INCARCERATED former community development and social services minister Emerine Kabanshi has applied for bail pending appeal to the High Court against her two-year jail term.
On May 28, 2021, Kabanshi was convicted and sentenced to two years simple imprisonment by the Lusaka Magistrates’ Court on two charges of willful failure to comply with the law, applicable procedure or guidelines relating to procurement for the social cash transfer programme.
Lusaka chief resident magistrate Lameck Mwale said the circumstances under which the offences were committed were aggravating, particularly where the convict uncompromisingly insisted on re-engaging Zampost when it was clear that the vulnerable people who were the intended beneficiaries of the programme were not receiving the funds.
He ruled that what was further aggravating was that Kabanshi’s conduct in advancing her enterprise had some technocrats in the ministry retired in national interest when they meant well to the ministry.
Magistrate Mwale said day-to-day and supervisory functions of the ministry were the responsibility of the permanent secretary who was the controlling officer, however, ministers were constitutionally responsible and answerable to the President for the overall supervision, administration and management of the ministry.
He said the convict’s orders to reinstate Zampost’s contract were to be carried out immediately.
The court said even if one argues that the directives were to be carried in compliance with the law, there was no time for technocrats to follow the law and applicable procedure.
Kabanshi in her notice to appeal, said she intends to challenge her conviction and sentencing on three grounds of appeal and would lodge in other grounds upon perusal of the judgment.

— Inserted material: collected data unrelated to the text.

lemma lift_continuous_in_parameter_step:
  fixes H :: "'b::metric_space \<times> real \<Rightarrow> 'x"
  assumes U: "open U" and H: "continuous_on (U \<times> {0..1}) H"
    and L: "\<And>x. x \<in> U \<Longrightarrow> is_lift {0..1} (\<lambda>t. H (x, t)) (L x)"
    and x1: "x1 \<in> U" and t1: "t1 \<in> {0..1}"
  shows "\<exists>J. openin (top_of_set {0..1}) J \<and> t1 \<in> J \<and>
           (\<forall>a\<in>J. \<forall>b\<in>J. isCont (\<lambda>x. L x a) x1 \<longrightarrow> isCont (\<lambda>x. L x b) x1)"
proof -
  obtain V W h d J where V: "V = Z \<inter> W" "open W" "homeomorphism V (\<pi> ` V) \<pi> h" and "d > 0"
      and J: "connected J" "J \<subseteq> {0..1}" "t1 \<in> J" "openin (top_of_set {0..1}) J"
      and LW: "\<And>t. t \<in> J \<Longrightarrow> L x1 t \<in> W"
      and HV: "\<And>x t. x \<in> U \<Longrightarrow> dist x x1 < d \<Longrightarrow> t \<in> J \<Longrightarrow> H (x, t) \<in> \<pi> ` V"
    by (rule lift_chart_neighbourhood[OF H L[OF x1] x1 t1]) (rule that)
  have "isCont (\<lambda>x. L x b) x1" if a: "a \<in> J" "isCont (\<lambda>x. L x a) x1" and "b \<in> J" for a b
  proof -
    have "\<exists>N. open N \<and> x1 \<in> N \<and> (\<forall>x\<in>N. L x a \<in> W)"
      using a LW V(2) unfolding continuous_at_open by blast
    then obtain N where N: "open N" "x1 \<in> N" "\<And>x. x \<in> N \<Longrightarrow> L x a \<in> W"
      by blast
    define M where "M = U \<inter> N \<inter> ball x1 d"
    have M: "open M" "x1 \<in> M"
      using U N x1 \<open>d > 0\<close> by (auto simp: M_def)
    \<comment> \<open>near \<open>x1\<close> the lifts agree with the chart inverse at \<open>a\<close>, hence on all of \<open>J\<close>\<close>
    have "L x b = h (H (x, b))" if "x \<in> M" for x
    proof (rule is_lift_eq_chart[where p = "\<lambda>t. H (x, t)"])
      have "x \<in> U"
        using that by (simp add: M_def)
      then show "is_lift J (\<lambda>t. H (x, t)) (L x)"
        using L J(2) is_lift_subset by blast
      show "L x a \<in> V"
        using N(3) that L[OF \<open>x \<in> U\<close>] a(1) J(2) V(1) by (auto simp: M_def is_lift_def)
      show "continuous_on J (\<lambda>t. H (x, t))"
        by (rule continuous_on_compose2[OF H]) (use \<open>x \<in> U\<close> J(2) in \<open>auto intro!: continuous_intros\<close>)
      show "(\<lambda>t. H (x, t)) ` J \<subseteq> \<pi> ` V"
        using HV \<open>x \<in> U\<close> that by (auto simp: M_def dist_commute)
    qed (use J a(1) \<open>b \<in> J\<close> V(1,3) in auto)
    moreover have cont: "isCont (\<lambda>x. h (H (x, b))) x1"
    proof -
      have "continuous_on (\<pi> ` V) h"
        using V(3) by (simp add: homeomorphism_def)
      moreover have "continuous_on M (\<lambda>x. H (x, b))"
        by (rule continuous_on_compose2[OF H]) (use \<open>b \<in> J\<close> J(2) in \<open>auto simp: M_def intro!: continuous_intros\<close>)
      moreover have "(\<lambda>x. H (x, b)) ` M \<subseteq> \<pi> ` V"
        using HV \<open>b \<in> J\<close> by (auto simp: M_def dist_commute)
      ultimately have "continuous_on M (\<lambda>x. h (H (x, b)))"
        by (rule continuous_on_compose2)
      then show ?thesis
        using M continuous_on_eq_continuous_at by blast
    qed
    ultimately have "eventually (\<lambda>x. L x b = h (H (x, b))) (nhds x1)"
      unfolding eventually_nhds using M by blast
    then show ?thesis
      using cont by (simp add: isCont_cong)
  qed
  then show ?thesis
    using J by blast
qed

lemma lift_continuous_in_parameter:
  fixes H :: "'b::metric_space \<times> real \<Rightarrow> 'x"
  assumes U: "open U" and H: "continuous_on (U \<times> {0..1}) H"
    and L: "\<And>x. x \<in> U \<Longrightarrow> is_lift {0..1} (\<lambda>t. H (x, t)) (L x)" "\<And>x. x \<in> U \<Longrightarrow> L x 0 = z"
    and x1: "x1 \<in> U" and t: "t \<in> {0..1}"
  shows "isCont (\<lambda>x. L x t) x1"
proof (rule connected_induction_simple[where P = "\<lambda>t. isCont (\<lambda>x. L x t) x1", of "{0..1}" 0 t])
  have "eventually (\<lambda>x. L x 0 = z) (nhds x1)"
    unfolding eventually_nhds using L(2) U x1 by blast
  then show "isCont (\<lambda>x. L x 0) x1"
    by (simp add: isCont_cong)
qed (use t lift_continuous_in_parameter_step[OF U H L(1) x1] in auto)

end

section \<open>Local triviality over a contractible chart\<close>

locale contraction_chart = continuable_local_homeomorphism Z \<pi> P
  for Z :: "'a::metric_space set" and \<pi> :: "'a \<Rightarrow> 'x::metric_space" and P +
  fixes x0 :: 'x and U :: "'x set" and H :: "'x \<times> real \<Rightarrow> 'x"
  assumes open_U: "open U" and H_cont: "continuous_on (U \<times> {0..1}) H"
    and H_start: "\<And>x. x \<in> U \<Longrightarrow> H (x, 0) = x0" and H_end: "\<And>x. x \<in> U \<Longrightarrow> H (x, 1) = x"
    and H_tracks: "\<And>x. x \<in> U \<Longrightarrow> in_paths P (\<lambda>t. H (x, t))"
begin

definition sheet :: "'a \<Rightarrow> 'x \<Rightarrow> 'a" where
  "sheet z x = path_lift z (\<lambda>t. H (x, t)) 1"

lemma track_lift:
  assumes "z \<in> Z" "\<pi> z = x0" "x \<in> U"
  shows "is_lift {0..1} (\<lambda>t. H (x, t)) (path_lift z (\<lambda>t. H (x, t)))"
    "path_lift z (\<lambda>t. H (x, t)) 0 = z"
  using path_lift_is_lift[OF H_tracks[OF assms(3)] assms(1)] H_start[OF assms(3)] assms(2) by simp_all

lemma sheet_section:
  assumes "z \<in> Z" "\<pi> z = x0" "x \<in> U"
  shows "sheet z x \<in> Z" "\<pi> (sheet z x) = x"
  using track_lift[OF assms] H_end[OF assms(3)] unfolding sheet_def is_lift_def by auto

lemma continuous_on_sheet:
  assumes "z \<in> Z" "\<pi> z = x0"
  shows "continuous_on U (sheet z)"
  unfolding sheet_def
  by (intro continuous_at_imp_continuous_on ballI lift_continuous_in_parameter[OF open_U H_cont])
     (use track_lift[OF assms] in auto)

lemma sheet_inject:
  assumes "z1 \<in> Z" "\<pi> z1 = x0" "z2 \<in> Z" "\<pi> z2 = x0" "x \<in> U" "sheet z1 x = sheet z2 x"
  shows "z1 = z2"
proof -
  have "path_lift z1 (\<lambda>t. H (x, t)) 0 = path_lift z2 (\<lambda>t. H (x, t)) 0"
    by (rule is_lift_unique[OF track_lift(1)[OF assms(1,2,5)] track_lift(1)[OF assms(3,4,5)], where a = 1])
       (use assms(6) in \<open>auto simp: sheet_def\<close>)
  then show ?thesis
    using track_lift(2)[OF assms(1,2,5)] track_lift(2)[OF assms(3,4,5)] by simp
qed

lemma sheet_onto:
  assumes "y \<in> Z" "\<pi> y \<in> U"
  obtains z where "z \<in> Z" "\<pi> z = x0" "sheet z (\<pi> y) = y"
proof -
  define x where "x = \<pi> y"
  have x: "x \<in> U"
    using assms(2) by (simp add: x_def)
  define r where "r = path_lift y (reversepath (\<lambda>t. H (x, t)))"
  have "in_paths P (reversepath (\<lambda>t. H (x, t)))"
    by (rule in_paths_reversepath[OF H_tracks[OF x]])
  moreover have "\<pi> y = reversepath (\<lambda>t. H (x, t)) 0"
    using H_end[OF x] by (simp add: reversepath_def x_def)
  ultimately have r: "is_lift {0..1} (reversepath (\<lambda>t. H (x, t))) r" "r 0 = y"
    using path_lift_is_lift assms(1) unfolding r_def by blast+
  have r1: "r 1 \<in> Z" "\<pi> (r 1) = x0"
    using r(1) H_start[OF x] by (auto simp: is_lift_def reversepath_def)
  have "continuous_on {0..1} (reversepath r)"
    using r(1) path_reversepath unfolding is_lift_def path_def by blast
  moreover have "reversepath r ` {0..1} \<subseteq> Z"
    using r(1) path_image_reversepath[of r] unfolding is_lift_def path_image_def by simp
  moreover have "\<forall>t\<in>{0..1}. \<pi> (reversepath r t) = H (x, t)"
    using r(1) unfolding is_lift_def by (auto simp: reversepath_def)
  ultimately have "is_lift {0..1} (\<lambda>t. H (x, t)) (reversepath r)"
    by (simp add: is_lift_def)
  then have "path_lift (r 1) (\<lambda>t. H (x, t)) 1 = reversepath r 1"
    by (rule is_lift_unique[OF track_lift(1)[OF r1 x], where a = 0])
       (auto simp: track_lift(2)[OF r1 x] reversepath_def)
  then have "sheet (r 1) x = y"
    using r(2) by (simp add: sheet_def reversepath_def)
  then show ?thesis
    using that r1 unfolding x_def by blast
qed

definition sheets :: "'a set set" where
  "sheets = (\<lambda>z. sheet z ` U) ` (Z \<inter> \<pi> -` {x0})"

lemma Union_sheets: "\<Union>sheets = Z \<inter> \<pi> -` U"
proof
  show "\<Union>sheets \<subseteq> Z \<inter> \<pi> -` U"
  proof
    fix y assume "y \<in> \<Union>sheets"
    then obtain z x where "z \<in> Z" "\<pi> z = x0" "x \<in> U" "y = sheet z x"
      by (auto simp: sheets_def)
    then show "y \<in> Z \<inter> \<pi> -` U"
      using sheet_section by simp
  qed
  show "Z \<inter> \<pi> -` U \<subseteq> \<Union>sheets"
  proof
    fix y assume y: "y \<in> Z \<inter> \<pi> -` U"
    then obtain z where z: "z \<in> Z" "\<pi> z = x0" "sheet z (\<pi> y) = y"
      using sheet_onto[of y] by blast
    have "sheet z (\<pi> y) \<in> sheet z ` U"
      using y by simp
    then show "y \<in> \<Union>sheets"
      using z by (auto simp: sheets_def)
  qed
qed

lemma sheets_openin: "u \<in> sheets \<Longrightarrow> openin (top_of_set Z) u"
  using local_homeomorphism_section_image_open[OF local_homeo _ continuous_on_sheet]
    sheet_section open_U
  unfolding sheets_def by auto

lemma sheets_disjoint: "pairwise disjnt sheets"
proof (rule pairwiseI)
  fix a b assume "a \<in> sheets" "b \<in> sheets" "a \<noteq> b"
  then obtain z1 z2 where z: "z1 \<in> Z" "\<pi> z1 = x0" "z2 \<in> Z" "\<pi> z2 = x0"
      "a = sheet z1 ` U" "b = sheet z2 ` U" "z1 \<noteq> z2"
    unfolding sheets_def by blast
  show "disjnt a b"
    unfolding disjnt_def
  proof (rule ccontr)
    assume "a \<inter> b \<noteq> {}"
    then obtain x1 x2 where x: "x1 \<in> U" "x2 \<in> U" "sheet z1 x1 = sheet z2 x2"
      using z by blast
    then have "x1 = x2"
      using sheet_section z(1-4) by metis
    then show False
      using sheet_inject z x by blast
  qed
qed

lemma sheet_homeomorphism:
  assumes "z \<in> Z" "\<pi> z = x0"
  shows "homeomorphism (sheet z ` U) U \<pi> (sheet z)"
  unfolding homeomorphism_def
proof (intro conjI ballI)
  show "continuous_on (sheet z ` U) \<pi>"
    using local_homeomorphism_imp_continuous_on[OF local_homeo] sheet_section[OF assms]
    by (auto intro: continuous_on_subset)
  show "\<pi> ` sheet z ` U = U"
    using sheet_section[OF assms] by (force simp: image_image)
qed (use continuous_on_sheet[OF assms] sheet_section[OF assms] in auto)

lemma local_trivialization:
  "\<exists>v. \<Union>v = Z \<inter> \<pi> -` U \<and> (\<forall>u\<in>v. openin (top_of_set Z) u) \<and> pairwise disjnt v \<and>
       (\<forall>u\<in>v. \<exists>q. homeomorphism u U \<pi> q)"
proof (intro exI[of _ sheets] conjI ballI)
  fix u assume "u \<in> sheets"
  then show "\<exists>q. homeomorphism u U \<pi> q"
    using sheet_homeomorphism unfolding sheets_def by blast
qed (use Union_sheets sheets_openin sheets_disjoint in auto)

end

context continuable_local_homeomorphism
begin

According to her grounds of appeal, Kabanshi said magistrate Mwale erred in law and fact when he found that her office was tasked with the management and administration of the Ministry of Community Development and Social Services.
She said the trial court erred in law and fact when it found her guilty in both counts against the weight of evidence on record.
Kabanshi further stated that magistrate Mwale erred in law and fact when he found that she willfully failed to comply with the law and applicable procedure or guidelines relating to procurement by extending the scope of coverage between Zampost and the ministry to include the provinces and two districts on the social cash transfer programme and re-engaging Zampost as the payment service provider for the social cash transfer programme after the contract was terminated.
And in an affidavit in support of summons for bail pending appeal, Kabanshi said she was dissatisfied with magistrate Mwale’s judgment and she intends to appeal to the High Court against her conviction and sentence.
She said her appeal had very high prospects of success and raises issues of public importance relating to the role of the minister in the current Constitution which ground was not yet touched by the court.
“I am desirous to attend to my appeal and to prosecute the same,” Kabanshi said. “Given the sentence that has been imposed, it is likely that I may serve a substantial part of the said sentence before my appeal is heard if I am not admitted to bail pending appeal.”
The convict said during trial, she was on bail and was compliant with the conditions set by the court.
Kabanshi said she was able to provide credible working sureties and to abide by any other conditions that the court might set in granting her bail pending appeal.
“My appeal in the High Court is meritorious with high prospects of success and my continued stay in prison may prejudice me to my detriment. This court has the competent jurisdiction to grant me bail pending appeal,” said Kabanshi.
Hearing of the bail application has been slated for June 3, 2021.